Yes, just before midnight on March 29, 1848, Niagara residents accustomed to the flow of the Niagara River were awakened when the Niagara River ceased to flow. The reason - a strong south-west wind pushed the ice in Lake Erie in motion. Millions of tonnes of ice became lodged at the mouth of the Niagara River at Lake Erie blocking the channel completely. The self-made dam held the water for approximately thirty hours until the wind shifted and the pent-up weight of the water broke, forcing the Niagara River to flow again.

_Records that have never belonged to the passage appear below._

lemma prob_concentrated:
  assumes "0 < G" "G dvd n" "0 < n" "0 < \<epsilon>" "0 < \<beta>" "\<beta> < 1" "even d" "set_pmf P \<subseteq> {..<d}"
    "S \<in> set_pmf (public_rand d G)"
  shows "1 - \<beta> / 2 \<le> measure_pmf.prob (honest_msgs n G \<epsilon> P S) {y. concentrated n G \<epsilon> \<beta> P d S y}"
proof -
  define Dev where "Dev g = {y. noise_bound n G \<epsilon> \<beta>
      \<le> \<bar>real G / real n * (\<Sum>i\<in>group_users n G g. y i) - set_bias P d (S g)\<bar>}" for g
  have "{y. \<not> concentrated n G \<epsilon> \<beta> P d S y} = (\<Union>g<G. Dev g)"
    by (auto simp: concentrated_def Dev_def not_less)
  hence "measure_pmf.prob (honest_msgs n G \<epsilon> P S) {y. \<not> concentrated n G \<epsilon> \<beta> P d S y}
      \<le> (\<Sum>g<G. measure_pmf.prob (honest_msgs n G \<epsilon> P S) (Dev g))"
    by (simp add: measure_pmf.finite_measure_subadditive_finite)
  also have "\<dots> \<le> (\<Sum>g<G. \<beta> / (2 * real G))"
    by (intro sum_mono) (use prob_group_deviation_le[OF assms] in \<open>simp add: Dev_def\<close>)
  also have "\<dots> = \<beta> / 2" using assms(1) by simp
  finally show ?thesis
    using measure_pmf.prob_compl[of "{y. concentrated n G \<epsilon> \<beta> P d S y}" "honest_msgs n G \<epsilon> P S"]
    by (simp add: Compl_eq_Diff_UNIV[symmetric] Collect_neg_eq)
qed

section \<open>Decisions of the aggregator\<close>

lemma sum_override_deviation_le:
  assumes "finite I" "finite C" "0 \<le> b" "\<And>i. i \<in> I \<inter> C \<Longrightarrow> \<bar>ya i - y i\<bar> \<le> b"
  shows "\<bar>(\<Sum>i\<in>I. if i \<in> C then ya i else y i) - (\<Sum>i\<in>I. y i)\<bar> \<le> b * real (card C)"
proof -
  have "(\<Sum>i\<in>I. if i \<in> C then ya i else y i) - (\<Sum>i\<in>I. y i) = (\<Sum>i\<in>I \<inter> C. ya i - y i)"
  proof -
    have "(\<Sum>i\<in>I. if i \<in> C then ya i else y i) = (\<Sum>i\<in>I. y i + (if i \<in> C then ya i - y i else 0))"
      by (rule sum.cong) auto
    thus ?thesis using sum.inter_restrict[OF assms(1), of "\<lambda>i. ya i - y i" C] by (simp add: sum.distrib)
  qed
  also have "\<bar>\<dots>\<bar> \<le> (\<Sum>i\<in>I \<inter> C. b)" using assms(4) by (intro order_trans[OF sum_abs] sum_mono)
  also have "\<dots> \<le> b * real (card C)"
    using card_mono[OF assms(2) Int_lower2, of I] assms(3) by (simp add: mult_left_mono mult.commute)
  finally show ?thesis .
qed

lemma raptor_alpha_eq:
  "raptor_alpha n G \<epsilon> m \<beta> = noise_bound n G \<epsilon> \<beta> + 2 * rr_scale \<epsilon> * real m * real G / real n"
  unfolding raptor_alpha_def noise_bound_def by (simp add: algebra_simps)

lemma group_statistic_close:
  assumes "0 < G" "G dvd n" "0 < n" "0 < \<epsilon>" "g < G" "concentrated n G \<epsilon> \<beta> P d S y"
    "C \<subseteq> {..<n}" "card C = m" "\<forall>i\<in>C. ya i \<in> {rr_scale \<epsilon>, - rr_scale \<epsilon>}"
    "\<forall>i<n. y i \<in> {rr_scale \<epsilon>, - rr_scale \<epsilon>}"
  shows "\<bar>real G / real n * (\<Sum>i\<in>group_users n G g. if i \<in> C then ya i else y i) - set_bias P d (S g)\<bar>
       < raptor_alpha n G \<epsilon> m \<beta>"
proof -
  define U where "U = group_users n G g"
  define t where "t = real G / real n"
  have t0: "0 < t" using assms(1,3) by (simp add: t_def)
  have U: "U \<subseteq> {..<n}" using group_users_subset[OF assms(2,5)] by (simp add: U_def)
  have "\<bar>ya i - y i\<bar> \<le> 2 * rr_scale \<epsilon>" if "i \<in> U \<inter> C" for i
    using that U assms(9,10) rr_scale_pos[OF assms(4)] by fastforce
  hence "\<bar>(\<Sum>i\<in>U. if i \<in> C then ya i else y i) - (\<Sum>i\<in>U. y i)\<bar> \<le> 2 * rr_scale \<epsilon> * real m"
    using sum_override_deviation_le[of U C "2 * rr_scale \<epsilon>" ya y] rr_scale_pos[OF assms(4)]
      finite_subset[OF U] finite_subset[OF assms(7)] assms(8) by simp
  hence "\<bar>t * (\<Sum>i\<in>U. if i \<in> C then ya i else y i) - t * (\<Sum>i\<in>U. y i)\<bar> \<le> 2 * rr_scale \<epsilon> * real m * t"
    using t0 by (simp add: right_diff_distrib[symmetric] abs_mult mult.commute)
  moreover have "\<bar>t * (\<Sum>i\<in>U. y i) - set_bias P d (S g)\<bar> < noise_bound n G \<epsilon> \<beta>"
    using assms(5,6) by (simp add: concentrated_def t_def U_def)
  moreover have "2 * rr_scale \<epsilon> * real m * t = 2 * rr_scale \<epsilon> * real m * real G / real n"
    by (simp add: t_def)
  moreover have "\<bar>x - z\<bar> < c + e" if "\<bar>x - y\<bar> \<le> e" "\<bar>y - z\<bar> < c" for x y z c e :: real
    using that by arith
  ultimately show ?thesis unfolding raptor_alpha_eq U_def[symmetric] t_def[symmetric] by metis
qed
(* Let $G$ be a simple biconnected graph with a vertex $w$ such that the set $F$ of edges not incident to $w$ is a flacet of $\mathcal{M}(G)$. If $F$ is $k$-level, then $G$ has a minor isomorphic to $\operatorname{cone}(H)$ for some minimally biconnected graph $H$ on $k$ vertices.
   Context: The graphic matroid $\mathcal{M}(G)$ has ground set $E(G)$ and bases the spanning forests. A flacet of a matroid $\mathcal{M}$ on $E$ is a flat $\emptyset\neq S\subsetneq E$ such that $\mathcal{M}|_S$ and $\mathcal{M}/S$ are connected. A flacet $F$ is $k$-level if $\ell_F(x)=\sum_{e\in F}x_e$ takes exactly $k$ distinct values on $\{\mathbf{1}_B: B \text{ a basis}\}$. The cone over a graph $H=(V,E)$ with apex $w\notin V$ is the graph $(V\cup\{w\}, E\cup\{wv:v\in V\})$. A graph is minimally biconnected if it is biconnected and $H\setminus e$ is not biconnected for every edge $e$. *)

theory Defs
  imports Main
begin

definition simple_graph :: "'a set \<Rightarrow> 'a set set \<Rightarrow> bool" where
  "simple_graph V E \<longleftrightarrow> finite V \<and> (\<forall>e\<in>E. e \<subseteq> V \<and> card e = 2)"

definition reach :: "'a set set \<Rightarrow> 'a \<Rightarrow> 'a \<Rightarrow> bool" where
  "reach A x y \<longleftrightarrow> (\<lambda>u v. {u, v} \<in> A)\<^sup>*\<^sup>* x y"

definition graph_connected :: "'a set \<Rightarrow> 'a set set \<Rightarrow> bool" where
  "graph_connected V E \<longleftrightarrow> (\<forall>x\<in>V. \<forall>y\<in>V. reach E x y)"

definition delete_vertex :: "'a set \<Rightarrow> 'a set set \<Rightarrow> 'a \<Rightarrow> 'a set \<times> 'a set set" where
  "delete_vertex V E v = (V - {v}, {e \<in> E. v \<notin> e})"

text \<open>Biconnected (2-connected, with K2 counted as biconnected): at least two vertices,
  connected, and no cut vertex.\<close>
definition biconnected :: "'a set \<Rightarrow> 'a set set \<Rightarrow> bool" where
  "biconnected V E \<longleftrightarrow> card V \<ge> 2 \<and> graph_connected V E \<and>
     (\<forall>v\<in>V. graph_connected (V - {v}) {e \<in> E. v \<notin> e})"

definition minimally_biconnected :: "'a set \<Rightarrow> 'a set set \<Rightarrow> bool" where
  "minimally_biconnected V E \<longleftrightarrow> biconnected V E \<and> (\<forall>e\<in>E. \<not> biconnected V (E - {e}))"

definition cone :: "'a set \<Rightarrow> 'a set set \<Rightarrow> 'a \<Rightarrow> 'a set \<times> 'a set set" where
  "cone V E w = (insert w V, E \<union> {{w, v} | v. v \<in> V})"

text \<open>G = (VG, EG) has a minor isomorphic to H = (VH, EH): there are pairwise disjoint
  nonempty connected branch sets X v (v in VH) in G such that every edge uv of H
  is realised by an edge of G between X u and X v.\<close>
definition has_minor :: "'a set \<Rightarrow> 'a set set \<Rightarrow> 'b set \<Rightarrow> 'b set set \<Rightarrow> bool" where
  "has_minor VG EG VH EH \<longleftrightarrow>
     (\<exists>X :: 'b \<Rightarrow> 'a set.
        (\<forall>v\<in>VH. X v \<noteq> {} \<and> X v \<subseteq> VG \<and> graph_connected (X v) {e \<in> EG. e \<subseteq> X v}) \<and>
        (\<forall>u\<in>VH. \<forall>v\<in>VH. u \<noteq> v \<longrightarrow> X u \<inter> X v = {}) \<and>
        (\<forall>u v. {u, v} \<in> EH \<longrightarrow> (\<exists>x\<in>X u. \<exists>y\<in>X v. {x, y} \<in> EG)))"

definition m_basis :: "'e set \<Rightarrow> ('e set \<Rightarrow> bool) \<Rightarrow> 'e set \<Rightarrow> bool" where
  "m_basis E indep B \<longleftrightarrow> B \<subseteq> E \<and> indep B \<and> (\<forall>e\<in>E - B. \<not> indep (insert e B))"

definition m_circuit :: "'e set \<Rightarrow> ('e set \<Rightarrow> bool) \<Rightarrow> 'e set \<Rightarrow> bool" where
  "m_circuit E indep C \<longleftrightarrow> C \<subseteq> E \<and> \<not> indep C \<and> (\<forall>D. D \<subset> C \<longrightarrow> indep D)"

definition m_rank :: "('e set \<Rightarrow> bool) \<Rightarrow> 'e set \<Rightarrow> nat" where
  "m_rank indep X = Max (card ` {I. I \<subseteq> X \<and> indep I})"

definition m_flat :: "'e set \<Rightarrow> ('e set \<Rightarrow> bool) \<Rightarrow> 'e set \<Rightarrow> bool" where
  "m_flat E indep S \<longleftrightarrow> S \<subseteq> E \<and> (\<forall>e\<in>E - S. m_rank indep (insert e S) > m_rank indep S)"

text \<open>M|S is connected: any two distinct elements of S lie in a common circuit of M|S
  (circuits of M|S are the circuits of M contained in S).\<close>
definition restriction_connected :: "'e set \<Rightarrow> ('e set \<Rightarrow> bool) \<Rightarrow> 'e set \<Rightarrow> bool" where
  "restriction_connected E indep S \<longleftrightarrow>
     (\<forall>e\<in>S. \<forall>f\<in>S. e \<noteq> f \<longrightarrow> (\<exists>C. m_circuit E indep C \<and> C \<subseteq> S \<and> e \<in> C \<and> f \<in> C))"

text \<open>Circuits of M/S: the minimal nonempty sets of the form C - S, C a circuit of M.\<close>
definition contraction_circuit :: "'e set \<Rightarrow> ('e set \<Rightarrow> bool) \<Rightarrow> 'e set \<Rightarrow> 'e set \<Rightarrow> bool" where
  "contraction_circuit E indep S D \<longleftrightarrow>
     D \<noteq> {} \<and> (\<exists>C. m_circuit E indep C \<and> D = C - S) \<and>
     (\<forall>D'. D' \<noteq> {} \<and> (\<exists>C. m_circuit E indep C \<and> D' = C - S) \<longrightarrow> \<not> D' \<subset> D)"

definition contraction_connected :: "'e set \<Rightarrow> ('e set \<Rightarrow> bool) \<Rightarrow> 'e set \<Rightarrow> bool" where
  "contraction_connected E indep S \<longleftrightarrow>
     (\<forall>e\<in>E - S. \<forall>f\<in>E - S. e \<noteq> f \<longrightarrow>
        (\<exists>D. contraction_circuit E indep S D \<and> e \<in> D \<and> f \<in> D))"

definition flacet :: "'e set \<Rightarrow> ('e set \<Rightarrow> bool) \<Rightarrow> 'e set \<Rightarrow> bool" where
  "flacet E indep S \<longleftrightarrow> m_flat E indep S \<and> S \<noteq> {} \<and> S \<subset> E \<and>
     restriction_connected E indep S \<and> contraction_connected E indep S"

text \<open>The linear form sum_{e in F} x_e evaluated at the indicator vector of B is card (B \<inter> F).\<close>
definition k_level :: "'e set \<Rightarrow> ('e set \<Rightarrow> bool) \<Rightarrow> 'e set \<Rightarrow> nat \<Rightarrow> bool" where
  "k_level E indep F k \<longleftrightarrow> card {card (B \<inter> F) | B. m_basis E indep B} = k"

To prevent this from happening again and to maintain the flow of the Falls for hydro purposes, each year a nearly 3km ice boom is installed at the mouth of the Niagara River at Fort Erie.  Consisting of 22 connected steel pontoons that are anchored to the bottom of the river, the boom greatly reduces the amount of ice that enters the river.

There was only one other time the Falls stopped flowing, from June to November of 1969.  The American Falls were stopped by the U.S. Army Corp of Engineers in order to study what actions, if any, should be taken to remove the debris at the base of the American Falls. Upon completion of the study, it was decided to let nature take its course and to do nothing about rock removal.

Above you can see on the left, what the American Falls looked like when they were turned off, and then on the right what the American Falls look like today.